How I Mastered ML Data Structures and Algorithms (6 Weeks)

Machine Learning


I passed over 90% of my coding interviews, and it’s not because I’m some kind of genius.

The majority of coding interviews in the data science and machine learning field are conducted on LeetCode or HackerRank and typically ask questions about data structures and algorithms, or closely related questions.

And what I’ve discovered over the last few years is that you can “gamify” your interview preparation by practicing certain strategies and specific questions.

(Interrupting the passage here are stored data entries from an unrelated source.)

lemma regroup_mset:
  fixes key :: "'a \<Rightarrow> 'k" and xs :: "'a list"
  assumes fin: "finite (range key)" and big: "card (range key) * M * (M + 1) < length xs"
  shows "\<exists>zs ws. mset (map key (zs @ concat (replicate M ws))) = mset (map key xs)
    \<and> length zs + M * length ws = length xs \<and> length zs \<le> length ws"
proof (cases "M = 0")
  case True
  then show ?thesis by auto
next
  case False
  define K where "K = mset (map key xs)"
  obtain cs where cs: "set cs = range key" "distinct cs"
    using finite_distinct_list[OF fin] by blast
  define rep where "rep c = (SOME x. key x = c)" for c
  have rep: "key (rep c) = c" if "c \<in> set cs" for c
    using that cs(1) unfolding rep_def by (metis (mono_tags) rangeE someI)
  define zs where "zs = concat (map (\<lambda>c. replicate (count K c mod M) (rep c)) cs)"
  define ws where "ws = concat (map (\<lambda>c. replicate (count K c div M) (rep c)) cs)"
  have K_outside: "count K y = 0" if "y \<notin> set cs" for y
    using that cs(1) unfolding K_def by (auto simp: count_eq_zero_iff)
  have ms: "mset (map key (zs @ concat (replicate M ws))) = K"
  proof (rule multiset_eqI)
    fix y
    have "count (mset (map key (zs @ concat (replicate M ws)))) y
        = count (mset (map key zs)) y + M * count (mset (map key ws)) y"
      by (simp only: map_append mset_append count_union count_mset_map_concat_replicate)
    also have "\<dots> = count K y"
      unfolding zs_def ws_def
      by (simp add: count_mset_concat_map_replicate[where key = key and rep = rep, OF cs(2) rep]
          K_outside del: mset_map)
    finally show "count (mset (map key (zs @ concat (replicate M ws)))) y = count K y" .
  qed
  have len: "length zs + M * length ws = length xs"
    using mset_eq_length[OF ms[unfolded K_def]] by (simp add: length_concat sum_list_replicate)
  have "length zs = (\<Sum>c\<leftarrow>cs. count K c mod M)"
    by (simp add: zs_def length_concat comp_def)
  also have "\<dots> \<le> (\<Sum>c\<leftarrow>cs. M)"
    using False by (intro sum_list_mono) simp
  also have "\<dots> = card (range key) * M"
    using cs distinct_card by (fastforce simp: sum_list_triv)
  finally have zs_le: "length zs \<le> card (range key) * M" .
  have "card (range key) * M * (M + 1) = card (range key) * M * M + card (range key) * M"
    by (simp add: algebra_simps)
  with len big zs_le have "M * (card (range key) * M) < M * length ws"
    by (simp only: mult.commute[of M "card (range key) * M"])
  then have "length zs \<le> length ws"
    using zs_le by simp
  with ms len show ?thesis
    unfolding K_def by blast
qed

lemma permutation_matching_keys:
  assumes "mset (map key ys) = mset (map key xs)"
  obtains p where "p permutes {..<length xs}" "\<And>i. i < length xs \<Longrightarrow> key (ys ! p i) = key (xs ! i)"
proof -
  have len: "length ys = length xs"
    using mset_eq_length[OF assms] by simp
  obtain p where p: "p permutes {..<length xs}" "permute_list p (map key ys) = map key xs"
    using mset_eq_permutation[OF assms[symmetric]] len by (metis length_map)
  have "key (ys ! p i) = key (xs ! i)" if i: "i < length xs" for i
  proof -
    have "key (xs ! i) = permute_list p (map key ys) ! i"
      using p(2) i by simp
    also have "\<dots> = map key ys ! p i"
      using permute_list_nth[of p "map key ys"] p(1) len i by simp
    also have "\<dots> = key (ys ! p i)"
      using permutes_in_image[OF p(1)] len i by simp
    finally show ?thesis
      by simp
  qed
  with p(1) show thesis
    using that by blast
qed

lemma point_eval_regroup:
  fixes key :: "'a::topological_space \<Rightarrow> 'k" and \<theta> :: "('a \<Rightarrow> complex) \<Rightarrow> complex mat"
  assumes fin: "finite (range key)" and big: "card (range key) * M * (M + 1) < n"
    and \<theta>: "point_eval n \<theta>" and A: "A \<subseteq> Cfun" and c: "c \<ge> 0"
    and close: "\<And>a x y. a \<in> A \<Longrightarrow> key x = key y \<Longrightarrow> cmod (a x - a y) \<le> c"
  shows "\<exists>n0 n1 \<theta>0 \<theta>1 u. n0 + M * n1 = n \<and> n0 \<le> n1 \<and>
    point_eval n0 \<theta>0 \<and> point_eval n1 \<theta>1 \<and> perm_unitary n u \<and>
    (\<forall>a\<in>A. opnorm (\<theta> a - mat_adjoint u * dsum (\<theta>0 a) (dsum_pow M (\<theta>1 a)) * u) \<le> c)"
proof -
  obtain xs where xs: "length xs = n" and \<theta>_eq: "\<And>f. f \<in> Cfun \<Longrightarrow> \<theta> f = mat_diag n (\<lambda>i. f (xs ! i))"
    using \<theta> unfolding point_eval_def by blast
  obtain zs ws where ms: "mset (map key (zs @ concat (replicate M ws))) = mset (map key xs)"
    and len: "length zs + M * length ws = n" and le: "length zs \<le> length ws"
    using regroup_mset[OF fin big[folded xs]] xs by blast
  define ys where "ys = zs @ concat (replicate M ws)"
  obtain p where p: "p permutes {..<n}" and keys: "\<And>i. i < n \<Longrightarrow> key (ys ! p i) = key (xs ! i)"
    using permutation_matching_keys[OF ms] xs unfolding ys_def by metis
  define \<theta>0 where "\<theta>0 f = mat_diag (length zs) (\<lambda>i. f (zs ! i))" for f :: "'a \<Rightarrow> complex"
  define \<theta>1 where "\<theta>1 f = mat_diag (length ws) (\<lambda>i. f (ws ! i))" for f :: "'a \<Rightarrow> complex"
  define u where "u = mat n n (\<lambda>(i, j). if j = Hilbert_Choice.inv p i then 1 else (0::complex))"
  have inv_p: "Hilbert_Choice.inv p permutes {..<n}"
    using permutes_inv[OF p] .
  have "opnorm (\<theta> a - mat_adjoint u * dsum (\<theta>0 a) (dsum_pow M (\<theta>1 a)) * u) \<le> c" if a: "a \<in> A" for a
  proof -
    have "mat_adjoint u * dsum (\<theta>0 a) (dsum_pow M (\<theta>1 a)) * u = mat_diag n (\<lambda>i. a (ys ! p i))"
      using permutation_mat_conj_mat_diag[OF inv_p]
      unfolding \<theta>0_def \<theta>1_def dsum_pow_mat_diag_nth len u_def ys_def
      by (simp add: inv_inv_eq[OF permutes_bij[OF p]])
    then have "\<theta> a - mat_adjoint u * dsum (\<theta>0 a) (dsum_pow M (\<theta>1 a)) * u
        = mat_diag n (\<lambda>i. a (xs ! i) - a (ys ! p i))"
      using a A by (simp add: \<theta>_eq subset_iff mat_diag_minus)
    also have "opnorm \<dots> \<le> c"
      using c close[OF a] keys by (intro opnorm_mat_diag_le) auto
    finally show ?thesis .
  qed
  moreover have "point_eval (length zs) \<theta>0" "point_eval (length ws) \<theta>1"
    unfolding point_eval_def \<theta>0_def \<theta>1_def by auto
  moreover have "perm_unitary n u"
    unfolding perm_unitary_def u_def using inv_p by blast
  ultimately show ?thesis
    using len le by blast
qed

theorem lemma7p7:
  fixes \<Delta> :: "('a::metric_space \<Rightarrow> complex) \<Rightarrow> real"
  assumes compact: "compact (UNIV :: 'a set)"
    and nontriv: "\<exists>x y :: 'a. x \<noteq> y"
    and Delta_pos: "\<forall>h \<in> Cpos - {\<lambda>_. 0}. \<Delta> h > 0"
    and Delta_mono: "\<forall>f \<in> Cpos - {\<lambda>_. 0}. \<forall>g \<in> Cpos - {\<lambda>_. 0}. (\<forall>x. f x \<le> g x) \<longrightarrow> \<Delta> f \<le> \<Delta> g"
    and F: "finite \<F>" "\<F> \<subseteq> Cfun"
    and eps: "(\<epsilon>::real) > 0"
  shows "\<exists>\<H> (L::nat). finite \<H> \<and> \<H> \<subseteq> Cpos - {\<lambda>_. 0} \<and> (\<forall>h\<in>\<H>. supp h \<noteq> UNIV) \<and>
     (\<forall>n \<theta>. n > L \<and> point_eval n \<theta> \<and> (\<forall>h\<in>\<H>. ntr (\<theta> h) > complex_of_real (\<Delta> h)) \<longrightarrow>
        (\<exists>n0 n1 \<theta>0 \<theta>1 u. n0 + M * n1 = n \<and> n0 \<le> n1 \<and>
           point_eval n0 \<theta>0 \<and> point_eval n1 \<theta>1 \<and> perm_unitary n u \<and>
           (\<forall>a\<in>\<F>. opnorm (\<theta> a - mat_adjoint u * dsum (\<theta>0 a) (dsum_pow M (\<theta>1 a)) * u) < \<epsilon>)))"
proof -
  obtain fs where fs: "set fs = \<F>"
    using finite_list[OF F(1)] ..
  define key where "key x = map (\<lambda>a. grid_cell (\<epsilon> / 4) (a x)) fs" for x :: 'a
  have "bounded (range a)" if "a \<in> set fs" for a
    using that fs F(2) compact by (auto simp: Cfun_def intro: compact_imp_bounded compact_continuous_image)
  then have fin: "finite (range key)"
    unfolding key_def using eps by (intro finite_range_map_grid_cell) auto
  have close: "cmod (a x - a y) \<le> \<epsilon> / 2" if "a \<in> \<F>" "key x = key y" for a x y
    using grid_cell_eq_imp_dist_less[of "\<epsilon> / 4" "a x" "a y"] that eps fs
    by (auto simp: key_def map_eq_conv)
  have "\<exists>n0 n1 \<theta>0 \<theta>1 u. n0 + M * n1 = n \<and> n0 \<le> n1 \<and>
           point_eval n0 \<theta>0 \<and> point_eval n1 \<theta>1 \<and> perm_unitary n u \<and>
           (\<forall>a\<in>\<F>. opnorm (\<theta> a - mat_adjoint u * dsum (\<theta>0 a) (dsum_pow M (\<theta>1 a)) * u) < \<epsilon>)"
    if "card (range key) * M * (M + 1) < n" "point_eval n \<theta>" for n \<theta>
  proof -
    have "\<epsilon> / 2 \<ge> 0" "\<And>r. r \<le> \<epsilon> / 2 \<Longrightarrow> r < \<epsilon>"
      using eps by auto
    with point_eval_regroup[OF fin that F(2) _ close] show ?thesis
      by fastforce
  qed
  then show ?thesis
    by (intro exI[of _ "{}"] exI[of _ "card (range key) * M * (M + 1)"]) auto
qed

end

So, in this article, I would like to detail exactly the process I went through to master coding/data structures and algorithm interviews in just 6 weeks.

Let’s get started!

Stop learning data structures and algorithms

The first step may seem counterintuitive, but it’s actually to stop trying to learn data structures and algorithms the traditional way.

If you’re not familiar with Data Structures and Algorithms (DSA for short), here are some quick definitions of these terms.

  • data structure : Organize and store data for efficient access and modification.
  • algorithm — A step-by-step procedure or set of rules for solving a problem or performing a task.

DSA is the study of how to structure data and design efficient ways to process it.

DSA has become something of a “meme” in the technology world. This is because these interviews test skills that are rarely used on the job.

However, this is a necessary evil that should be practiced as it is part of many interview processes.

If you have a degree in computer science, you may have studied DSA as a module, but many people entering data science or machine learning have backgrounds in other STEMs, such as physics, mathematics, or engineering.

So, naturally, these people are more likely to watch tutorials, start reading textbooks, and use NeetCode as their primary learning resource.

I did the exact same thing.

At the time, while I was taking NeetCode’s “Data Structures and Algorithms for Beginners” course, I blogged a series of articles about DSA.

List: Data Structures and Algorithms | Supervised by Egor Howell | Medium
Data Structures and Algorithms · 13 Stories on Mediummedium.com

The problem is that this didn’t actually make me good at data structures, algorithms, or cracking coding interviews.

I still had trouble solving basic problems like 2sum.

Don’t get me wrong. Neetcode is a great resource for learning concepts in broader areas such as DSA and system design. However, it’s not the resource itself, but the general approach to learning.

Learning theory is certainly helpful, but you also need to learn by doing at the same time to ensure understanding.

It’s similar to wanting to play tennis and learning the theory and techniques of swinging a racket, but not being able to actually practice hitting the ball. This is basically the whole game.

The same goes for LeetCode.

So I took a completely opposite approach.

I started solving problems before learning the topic. Then, after completing the problem or simply not being able to solve it, you will learn efficient solutions and accompanying theories on that topic.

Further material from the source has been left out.